━━━ DATASET ━━━
lemma trial_prob_potY_stratum:
  assumes r: "r \<in> {1..N}" and u: "u \<in> strata3"
  shows "trial_prob p r (\<lambda>_ s1 s0 y1 y0. potY zz y1 y0 \<and> (s1, s0) = u)
       = stratum_prob p r u * mean_potY N p zz u"
proof -
  have "Pr N p (\<lambda>r' z s1 s0 y1 y0. r' = r \<and> potY zz y1 y0 = True \<and> (s1, s0) = u)
       * Pr N p (\<lambda>r z s1 s0 y1 y0. (s1, s0) = u)
     = Pr N p (\<lambda>r' z s1 s0 y1 y0. r' = r \<and> (s1, s0) = u)
       * Pr N p (\<lambda>r z s1 s0 y1 y0. potY zz y1 y0 = True \<and> (s1, s0) = u)"
    using base unfolding base_assumptions_def homogeneity_def by blast
  moreover have "Pr N p (\<lambda>r' z s1 s0 y1 y0. r' = r \<and> potY zz y1 y0 = True \<and> (s1, s0) = u)
      = trial_prob p r (\<lambda>_ s1 s0 y1 y0. potY zz y1 y0 \<and> (s1, s0) = u)"
    by (rule Pr_eq_trial_prob[OF r]) simp
  moreover have "Pr N p (\<lambda>r' z s1 s0 y1 y0. r' = r \<and> (s1, s0) = u) = stratum_prob p r u"
    by (rule Pr_eq_trial_prob[OF r]) simp
  ultimately show ?thesis
    using stratum_pos[OF u] by (simp add: mean_potY_def cPr_def field_simps)
qed

lemma PY_eq_mean_potY:
  assumes u: "u \<in> strata3" shows "PY N p zz u = mean_potY N p zz u"
proof -
  define w where "w r = arm_prob p r zz / trial_total p r * stratum_prob p r u" for r
  have event: "(\<lambda>z s1 s0 y1 y0. obsY z y1 y0 \<and> z = zz \<and> (s1, s0) = u)
      = (\<lambda>z s1 s0 y1 y0. z = zz \<and> (potY zz y1 y0 \<and> (s1, s0) = u))"
    by (auto simp: fun_eq_iff obsY_def potY_def)
  have "PY N p zz u = (\<Sum>r\<in>{1..N}. w r * mean_potY N p zz u) / (\<Sum>r\<in>{1..N}. w r)"
    unfolding PY_def cPr_def Pr_eq_sum_trial_prob event
    by (intro arg_cong2[where f = "(/)"] sum.cong refl)
      (simp_all add: trial_prob_arm trial_prob_potY_stratum u w_def)
  moreover have "(\<Sum>r\<in>{1..N}. w r) > 0"
  proof -
    have "(\<Sum>r\<in>{1..N}. stratum_prob p r u) > 0"
      using stratum_pos[OF u] by (simp add: Pr_eq_sum_trial_prob)
    then obtain r where r: "r \<in> {1..N}" "stratum_prob p r u > 0"
      by (metis not_less sum_nonpos)
    show ?thesis
      by (rule sum_pos2[OF _ r(1)])
        (use r arm_prob_pos trial_total_pos trial_prob_nonneg in \<open>auto simp: w_def\<close>)
  qed
  ultimately show ?thesis by (simp add: sum_distrib_right[symmetric])
qed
━━━
=== TRY IT ===
Without altering anything, print all of the data again.

=== ANSWER SECTION ===
lemma trial_prob_potY_stratum:
  assumes r: "r \<in> {1..N}" and u: "u \<in> strata3"
  shows "trial_prob p r (\<lambda>_ s1 s0 y1 y0. potY zz y1 y0 \<and> (s1, s0) = u)
       = stratum_prob p r u * mean_potY N p zz u"
proof -
  have "Pr N p (\<lambda>r' z s1 s0 y1 y0. r' = r \<and> potY zz y1 y0 = True \<and> (s1, s0) = u)
       * Pr N p (\<lambda>r z s1 s0 y1 y0. (s1, s0) = u)
     = Pr N p (\<lambda>r' z s1 s0 y1 y0. r' = r \<and> (s1, s0) = u)
       * Pr N p (\<lambda>r z s1 s0 y1 y0. potY zz y1 y0 = True \<and> (s1, s0) = u)"
    using base unfolding base_assumptions_def homogeneity_def by blast
  moreover have "Pr N p (\<lambda>r' z s1 s0 y1 y0. r' = r \<and> potY zz y1 y0 = True \<and> (s1, s0) = u)
      = trial_prob p r (\<lambda>_ s1 s0 y1 y0. potY zz y1 y0 \<and> (s1, s0) = u)"
    by (rule Pr_eq_trial_prob[OF r]) simp
  moreover have "Pr N p (\<lambda>r' z s1 s0 y1 y0. r' = r \<and> (s1, s0) = u) = stratum_prob p r u"
    by (rule Pr_eq_trial_prob[OF r]) simp
  ultimately show ?thesis
    using stratum_pos[OF u] by (simp add: mean_potY_def cPr_def field_simps)
qed

lemma PY_eq_mean_potY:
  assumes u: "u \<in> strata3" shows "PY N p zz u = mean_potY N p zz u"
proof -
  define w where "w r = arm_prob p r zz / trial_total p r * stratum_prob p r u" for r
  have event: "(\<lambda>z s1 s0 y1 y0. obsY z y1 y0 \<and> z = zz \<and> (s1, s0) = u)
      = (\<lambda>z s1 s0 y1 y0. z = zz \<and> (potY zz y1 y0 \<and> (s1, s0) = u))"
    by (auto simp: fun_eq_iff obsY_def potY_def)
  have "PY N p zz u = (\<Sum>r\<in>{1..N}. w r * mean_potY N p zz u) / (\<Sum>r\<in>{1..N}. w r)"
    unfolding PY_def cPr_def Pr_eq_sum_trial_prob event
    by (intro arg_cong2[where f = "(/)"] sum.cong refl)
      (simp_all add: trial_prob_arm trial_prob_potY_stratum u w_def)
  moreover have "(\<Sum>r\<in>{1..N}. w r) > 0"
  proof -
    have "(\<Sum>r\<in>{1..N}. stratum_prob p r u) > 0"
      using stratum_pos[OF u] by (simp add: Pr_eq_sum_trial_prob)
    then obtain r where r: "r \<in> {1..N}" "stratum_prob p r u > 0"
      by (metis not_less sum_nonpos)
    show ?thesis
      by (rule sum_pos2[OF _ r(1)])
        (use r arm_prob_pos trial_total_pos trial_prob_nonneg in \<open>auto simp: w_def\<close>)
  qed
  ultimately show ?thesis by (simp add: sum_distrib_right[symmetric])
qed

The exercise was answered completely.